**Problem details**
What lines of the listing include the string "forall"? Show them all.

**Data excerpts**
****************************************
lemma dder_pairing_second_order:
  assumes sf: "smooth_on U f" and st: "smooth_on U \<tau>" and y: "y \<in> U"
    and polar: "\<And>z u v. z \<in> U \<Longrightarrow> dder_pairing f \<tau> [u] [v] z = 0"
  shows "dder_pairing f \<tau> [i, k] [j, l] y = dder_pairing f \<tau> [i, l] [j, k] y"
proof -
  have first: "\<And>z. z \<in> U \<Longrightarrow> dder_pairing f \<tau> [i] [j, m] z = 0" for m
    by (rule dder_pairing_first_order[OF sf st _ polar])
  have "dder_pairing f \<tau> [k, i] [j, l] y + dder_pairing f \<tau> [i] [k, j, l] y = 0"
    by (rule dder_pairing_Cons_vanishing[OF sf st y first])
  moreover have "dder_pairing f \<tau> [l, i] [j, k] y + dder_pairing f \<tau> [i] [l, j, k] y = 0"
    by (rule dder_pairing_Cons_vanishing[OF sf st y first])
  moreover have "dder_pairing f \<tau> [i] [k, j, l] y = dder_pairing f \<tau> [i] [l, j, k] y"
    unfolding dder_pairing_def dder_commute_outer[OF sf y, of k j l]
      dder_commute_outer[OF st y, of k j l] ..
  moreover have swap: "dder_pairing f \<tau> [m, i] q y = dder_pairing f \<tau> [i, m] q y" for m q
    unfolding dder_pairing_def dder_commute[OF sf y, of m i] dder_commute[OF st y, of m i] ..
  ultimately show ?thesis
    using swap[of k "[j, l]"] swap[of l "[j, k]"] by linarith
qed

lemma infinitesimal_bending_polarized:
  assumes bending: "infinitesimal_bending U f \<tau>" and sf: "smooth_on U f" and y: "y \<in> U"
  shows "dder_pairing f \<tau> [u] [v] y = 0"
proof -
  have st: "smooth_on U \<tau>" and bend: "\<And>w. push f y w \<bullet> push \<tau> y w = 0"
    using bending y unfolding infinitesimal_bending_def by auto
  have "0 = push f y (u + v) \<bullet> push \<tau> y (u + v)"
    by (rule bend[symmetric])
  also have "\<dots> = push f y u \<bullet> push \<tau> y u + push f y v \<bullet> push \<tau> y v
      + (push f y u \<bullet> push \<tau> y v + push \<tau> y u \<bullet> push f y v)"
    using linear_add[OF smooth_on_linear_push[OF sf y]] linear_add[OF smooth_on_linear_push[OF st y]]
    by (simp add: inner_add_left inner_add_right inner_commute)
  finally show ?thesis
    using bend by (simp add: dder_pairing_def push_eq_dder)
qed

section \<open>Tangent and normal parts at a point\<close>

lemma orthogonal_component_ex1:
  fixes S :: "'a::euclidean_space set"
  assumes S: "subspace S"
  shows "\<exists>!n. (\<forall>t\<in>S. n \<bullet> t = 0) \<and> u - n \<in> S"
proof -
  have span: "span S = S"
    using S span_eq_iff by blast
  obtain a n where "a \<in> span S" "\<And>w. w \<in> span S \<Longrightarrow> orthogonal n w" "u = a + n"
    using orthogonal_subspace_decomp_exists by metis
  then have n: "(\<forall>t\<in>S. n \<bullet> t = 0) \<and> u - n \<in> S"
    by (auto simp: span orthogonal_def)
  have "m = n" if m: "(\<forall>t\<in>S. m \<bullet> t = 0) \<and> u - m \<in> S" for m
  proof -
    have "m - n \<in> S"
      using subspace_diff[OF S, of "u - n" "u - m"] n m by (simp add: algebra_simps)
    then have "(m - n) \<bullet> (m - n) = 0"
      using n m by (simp add: inner_diff_left)
    then show ?thesis
      by simp
  qed
  with n show ?thesis
    by blast
qed

lemma nproj_normal_component:
  assumes "linear (push f x)"
  shows "nproj f x u \<bullet> push f x t = 0" and "u - nproj f x u \<in> range (push f x)"
proof -
  have "subspace (range (push f x))"
    using linear_subspace_image[OF assms subspace_UNIV] by simp
  from theI'[OF orthogonal_component_ex1[OF this, of u]]
  show "nproj f x u \<bullet> push f x t = 0" and "u - nproj f x u \<in> range (push f x)"
    unfolding nproj_def by auto
qed

lemma push_conn:
  assumes lin: "linear (push f x)" and inj: "inj (push f x)"
  shows "push f x (conn f x v w) = d2 f x v w - sff f x v w"
proof -
  have "\<exists>!t. push f x t = d2 f x v w - sff f x v w"
    using nproj_normal_component(2)[OF lin, of "d2 f x v w"] inj by (auto simp: sff_def inj_def)
  from theI'[OF this] show ?thesis
    unfolding conn_def .
qed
****************************************
**Answer section**
  shows "\<exists>!n. (\<forall>t\<in>S. n \<bullet> t = 0) \<and> u - n \<in> S"
  then have n: "(\<forall>t\<in>S. n \<bullet> t = 0) \<and> u - n \<in> S"
  have "m = n" if m: "(\<forall>t\<in>S. m \<bullet> t = 0) \<and> u - m \<in> S" for m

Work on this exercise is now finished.